Diário de leitura de "O Homem sem Qualidades", de Robert Musil - Introdução


Após a leitura de Vozes de Tchernóbil, estou pensando seriamente em reiniciar a leitura de O Homem sem Qualidades, de Robert Musil. Estou sentindo a necessidade de uma descoberta mais profunda de mim mesmo, e como não tenho condições, por enquanto, nem de tempo nem de dinheiro de me consultar com um psicanalista, pensei que uma aventura intelectual deste nível poderia ser uma boa pedida. Esses livros que expõem um panorama geral de uma determinada sociedade e seus conflitos são, pelas minhas experiências anteriores de leitura, muito enriquecedoras. Eu já havia lido as primeiras 300 páginas no fim do ano passado, mas larguei a leitura quando percebi que não a estava fazendo da maneira correta. Estava lendo nas pressas um livro que não é para ser lido nas pressas, ainda que, de qualquer forma, ele já estivesse me trazendo muitas inquietações subconscientes. Eu havia decidido que, quando o retomasse, iria fazer uma leitura reflexiva. Muitos dos pontos de vista, dos perfis de personalidade que eu imensamente me identifico, que refletem a mim mesmo, foram encontrados tanto em personagens absolutamente cativantes como em outros abomináveis e moralmente repreensíveis, e tudo isso me incomodou bastante, mas ao mesmo tempo, exerceu em mim um fascínio estranho. Imediatamente tive de fechar o calhamaço. Prosseguir numa leitura superficial seria um tempo mal gasto. Para uma autodescoberta, sinto que este é o livro ideal. Essa necessidade que sinto agora é bem curiosa, visto que o protagonista do livro tem esse mesmo intuito. Como se dá o desenvolvimento do autoconhecimento numa sociedade tecnocrata? Qual o destino daqueles que se propõem a pensar livremente numa era em que as profissões se encontram institucionalizadas no âmbito do estado e das empresas públicas e privadas? Pois bem, a partir de agora, inicio esse projeto de tempo indeterminado, e convido quem porventura vier a ler esse blog a me acompanhar nessa empreitada.

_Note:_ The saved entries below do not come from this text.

lemma oracle_mechanism_guarantees:
  assumes "oracle_mechanism F c S \<gamma> (\<gamma> * B) Orc xs k" and B: "0 < B" "0 < Fopt F c S B"
    and m: "\<forall>s\<in>S. F {s} \<le> m" "0 \<le> m"
  shows "mech_payment F S Orc (\<gamma> * B) xs k \<le> (1 + 4 * m / (\<gamma> * Fopt F c S B)) * B"
    and "(\<gamma>\<^sup>2 / 2 - 4 * m / (\<gamma> * Fopt F c S B)) * Fopt F c S B \<le> F (set (take k xs))"
proof -
  interpret oracle_mechanism F c S \<gamma> "\<gamma> * B" Orc xs k by fact
  define Fs where "Fs = Fopt F c S B"
  define P where "P = Fopt F c S (\<gamma> * B)"
  have scaled: "\<gamma> * Fs - m \<le> P"
    unfolding Fs_def P_def
    using Fopt_scaled_budget_ge[OF submodular finite_S costs_nonneg m gamma_pos gamma_le_one B(1)] .
  have P: "0 \<le> P" unfolding P_def using Fopt_nonneg[OF submodular finite_S] budget_pos by simp
  have q: "0 < \<gamma> * Fs" unfolding Fs_def using gamma_pos B(2) by simp
  have "mech_payment F S Orc (\<gamma> * B) xs k \<le> \<gamma> * B / \<gamma> * (P / max (P - m) (P / 2))"
    unfolding P_def by (rule mech_payment_le[OF m(1)])
  also have "\<dots> = B * (P / max (P - m) (P / 2))" using gamma_pos by simp
  also have "\<dots> \<le> B * (1 + 4 * m / (\<gamma> * Fs))"
    using divide_max_half_le[OF P m(2) q scaled] B(1) by (intro mult_left_mono) auto
  finally show "mech_payment F S Orc (\<gamma> * B) xs k \<le> (1 + 4 * m / (\<gamma> * Fopt F c S B)) * B"
    unfolding Fs_def by (simp add: mult.commute)
  have "\<gamma> * m \<le> m" using m(2) gamma_pos gamma_le_one by (intro mult_left_le_one_le) auto
  then have "m \<le> m / \<gamma>" using gamma_pos by (simp add: le_divide_eq mult.commute)
  moreover have "\<gamma> * (\<gamma> * Fs) - \<gamma> * m \<le> \<gamma> * P"
    using scaled gamma_pos by (simp flip: right_diff_distrib)
  moreover have "\<gamma> * P / 2 - m \<le> F (set (take k xs))"
    unfolding P_def by (rule winners_utility_ge[OF m])
  ultimately have "\<gamma> * (\<gamma> * Fs) / 2 - 4 * (m / \<gamma>) \<le> F (set (take k xs))"
    using \<open>\<gamma> * m \<le> m\<close> m(2) by linarith
  moreover have "(\<gamma>\<^sup>2 / 2 - 4 * m / (\<gamma> * Fs)) * Fs = \<gamma> * (\<gamma> * Fs) / 2 - 4 * (m / \<gamma>)"
    using B(2) gamma_pos unfolding Fs_def by (simp add: field_simps power2_eq_square)
  ultimately show "(\<gamma>\<^sup>2 / 2 - 4 * m / (\<gamma> * Fopt F c S B)) * Fopt F c S B \<le> F (set (take k xs))"
    unfolding Fs_def by simp
qed

theorem corollary2:
  fixes \<gamma> :: real
  assumes "0 < \<gamma>" and "\<gamma> \<le> 1"
  shows "\<exists>\<epsilon> :: real \<Rightarrow> real. (\<forall>t. 0 \<le> \<epsilon> t) \<and> (\<epsilon> \<longlongrightarrow> 0) (at_right 0) \<and>
    (\<forall>(n::nat) (c::nat \<Rightarrow> real) (F::nat set \<Rightarrow> real) (B::real)
        (Orc::nat set \<Rightarrow> real \<Rightarrow> nat set) (xs::nat list) (k::nat).
       (\<forall>s \<in> {1..n}. 0 \<le> c s) \<and> monotone_submodular F {1..n} \<and> 0 < B \<and>
       0 < Fopt F c {1..n} B \<and>
       approx_oracle \<gamma> F c {1..n} Orc \<and>
       is_greedy_seq F c {1..n} xs \<and>
       mech_cutoff F {1..n} Orc (\<gamma> * B) xs k
       \<longrightarrow>
       mech_payment F {1..n} Orc (\<gamma> * B) xs k \<le> (1 + \<epsilon> (largeness F c {1..n} B)) * B \<and>
       (\<gamma>\<^sup>2 / 2 - \<epsilon> (largeness F c {1..n} B)) * Fopt F c {1..n} B \<le> F (set (take k xs)))"
proof (intro exI conjI allI impI)
  define \<epsilon> where "\<epsilon> t = 4 * \<bar>t\<bar> / \<gamma>" for t :: real
  show "0 \<le> \<epsilon> t" for t unfolding \<epsilon>_def using assms(1) by simp
  show "(\<epsilon> \<longlongrightarrow> 0) (at_right 0)" unfolding \<epsilon>_def using assms(1) by (intro tendsto_eq_intros) auto
  fix n :: nat and c :: "nat \<Rightarrow> real" and F :: "nat set \<Rightarrow> real" and B :: real
    and Orc :: "nat set \<Rightarrow> real \<Rightarrow> nat set" and xs :: "nat list" and k :: nat
  assume "(\<forall>s \<in> {1..n}. 0 \<le> c s) \<and> monotone_submodular F {1..n} \<and> 0 < B \<and>
       0 < Fopt F c {1..n} B \<and> approx_oracle \<gamma> F c {1..n} Orc \<and>
       is_greedy_seq F c {1..n} xs \<and> mech_cutoff F {1..n} Orc (\<gamma> * B) xs k"
  then have inst: "(\<forall>s \<in> {1..n}. 0 \<le> c s)" "monotone_submodular F {1..n}" "0 < B"
    "0 < Fopt F c {1..n} B" "approx_oracle \<gamma> F c {1..n} Orc"
    "is_greedy_seq F c {1..n} xs" "mech_cutoff F {1..n} Orc (\<gamma> * B) xs k"
    by auto
  have mech: "oracle_mechanism F c {1..n} \<gamma> (\<gamma> * B) Orc xs k"
    using inst assms by unfold_locales (auto simp: is_greedy_seq_def)
  \<comment> \<open>the absolute value keeps \<open>m\<close> nonnegative when there are no sellers (\<open>Max {}\<close> is unspecified)\<close>
  define m where "m = \<bar>largeness F c {1..n} B\<bar> * Fopt F c {1..n} B"
  have m: "\<forall>s\<in>{1..n}. F {s} \<le> m" "0 \<le> m"
    unfolding m_def using singleton_le_largeness[of "{1..n}" _ F c B] inst(4) by auto
  have \<epsilon>_eq: "\<epsilon> (largeness F c {1..n} B) = 4 * m / (\<gamma> * Fopt F c {1..n} B)"
    unfolding \<epsilon>_def m_def using inst(4) assms(1) by simp
  show "mech_payment F {1..n} Orc (\<gamma> * B) xs k \<le> (1 + \<epsilon> (largeness F c {1..n} B)) * B"
    and "(\<gamma>\<^sup>2 / 2 - \<epsilon> (largeness F c {1..n} B)) * Fopt F c {1..n} B \<le> F (set (take k xs))"
    unfolding \<epsilon>_eq using oracle_mechanism_guarantees[OF mech inst(3,4) m] by auto
qed

end
(* $\mathsf{MGrz}\vee\mathsf{GKur}=\mathsf{MGrz}\vee\mathsf{LKur}=\mathsf{MGrz}\vee\mathsf{N}$, where $\vee$ denotes the smallest extension of $\mathsf{MS4}$ containing both logics.
   Context: $\mathsf{MIPC}$ is the smallest set of formulas in the bimodal language $\mathcal{L}_{\forall\exists}$ containing all theorems of $\mathsf{IPC}$; $\forall(p\wedge q)\leftrightarrow(\forall p\wedge\forall q)$, $\forall p\to p$, $\forall p\to\forall\forall p$; $\exists(p\vee q)\leftrightarrow(\exists p\vee\exists q)$, $p\to\exists p$, $\exists\exists p\to\exists p$, $(\exists p\wedge\exists q)\to\exists(\exists p\wedge q)$; $\exists\forall p\to\forall p$, $\exists p\to\forall\exists p$; closed under modus ponens, substitution and $\varphi/\forall\varphi$. $\mathsf{Kur}=\mathsf{MIPC}+\forall\neg\neg p\to\neg\neg\forall p$. $\mathsf{MS4}$ is the smallest set of formulas in the classical bimodal language $\mathcal{L}_{\Box\forall}$ containing all classical tautologies, the $\mathsf{S4}$ axioms for $\Box$, the $\mathsf{S5}$ axioms for $\forall$, and $\Box\forall p\to\forall\Box p$, closed under modus ponens, substitution, $\Box$- and $\forall$-necessitation; $\Diamond=\neg\Box\neg$, $\exists=\neg\forall\neg$. $\mathsf{MGrz}=\mathsf{MS4}+\Box(\Box(p\to\Box p)\to p)\to p$; $\mathsf{LKur}=\mathsf{MS4}+\Box\forall\Diamond\Box p\to\Diamond\forall p$; $\mathsf{N}=\mathsf{MS4}+\Box\exists p\to\Diamond\exists\Box p$; $\mathsf{GKur}=\mathsf{MS4}+\{\varphi^t:\mathsf{Kur}\vdash\varphi\}$, where $(-)^t$ is the Gödel translation: $\bot^t=\bot$, $p^t=\Box p$, $(\varphi\wedge\psi)^t=\varphi^t\wedge\psi^t$, $(\varphi\vee\psi)^t=\varphi^t\vee\psi^t$, $(\varphi\to\psi)^t=\Box(\neg\varphi^t\vee\psi^t)$, $(\forall\varphi)^t=\Box\forall\varphi^t$, $(\exists\varphi)^t=\exists\varphi^t$. *)

theory Defs
  imports Main
begin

domingo, 26 de junho de 2016

Presente do dia dos namorados ou sobre escutar o que os outros têm a dizer sem condescendência para vozes extremistas

12 de junho de 2016. No dia dos namorados, ganhei uma caixinha vermelha repleta de bombons trufados (guloso que sou, comi todos naquele mesmo dia) e de tiras de papel maché coloridas como adorno, por baixo das quais havia um pacote embrulhado. Logo reconheci o formato de um livro, e pelo peso e tamanho, tentei adivinhar qual o titulo, sem lograr sucesso. Não lembro exatamente qual o livro que imaginei que fosse (acho que Nada a Invejar, sobre a realidade da vida na Coréia do Norte, o país mais fechado do mundo, que eu quero muito ler). Quando rasguei o pacote, vi o livro Vozes de Tchernóbil – A História Oral do Desastre Nuclear. No mesmo dia comecei a ler e terminei suas cerca de 380 páginas exatamente em duas semanas, ou seja, hoje, 26 de junho de 2016. Trata-se de uma série de relatos compilados por Svetlana Aleksiévitch, autora desse e de outros livros de relatos que cursam acerca de aspectos diversos da realidade e da sociedade soviética do século XX e XXI, que lhe renderam o Prêmio Nobel de Literatura de 2015. Em seu discurso após receber o prêmio, ela falou: “Flaubert disse de si mesmo que era um ‘homem pena’. Posso dizer que sou uma ‘mulher ouvido’”. E é isso mesmo. Após lê-lo, recebi o convite de aprimorar a capacidade de escutar e de calar nos momentos corretos, de ouvir o que as outras pessoas têm a dizer sem julgamentos, sem reservas, a necessidade de desenvolver o respeito pela diversidade de vozes e opiniões sem ser condescendente com opiniões extremistas. O termo “coro de vozes”, a técnica que ela utiliza em sua escrita, é um conceito lindo que abarca toda a diversidade de melodias existentes numa só partitura. O discurso de Chimamanda Ngozi Adichie no TED sobre a necessidade da multiplicidade de vozes para se quebrar os malefícios provocados pela formação e sedimentação de estereótipos nunca fez tanto sentido para mim quanto quando da experiência de ler este livro. Um belo presente de dia dos namorados, não? As reflexões que esta obra-prima me proporcionou compartilharei aos poucos em textos futuros.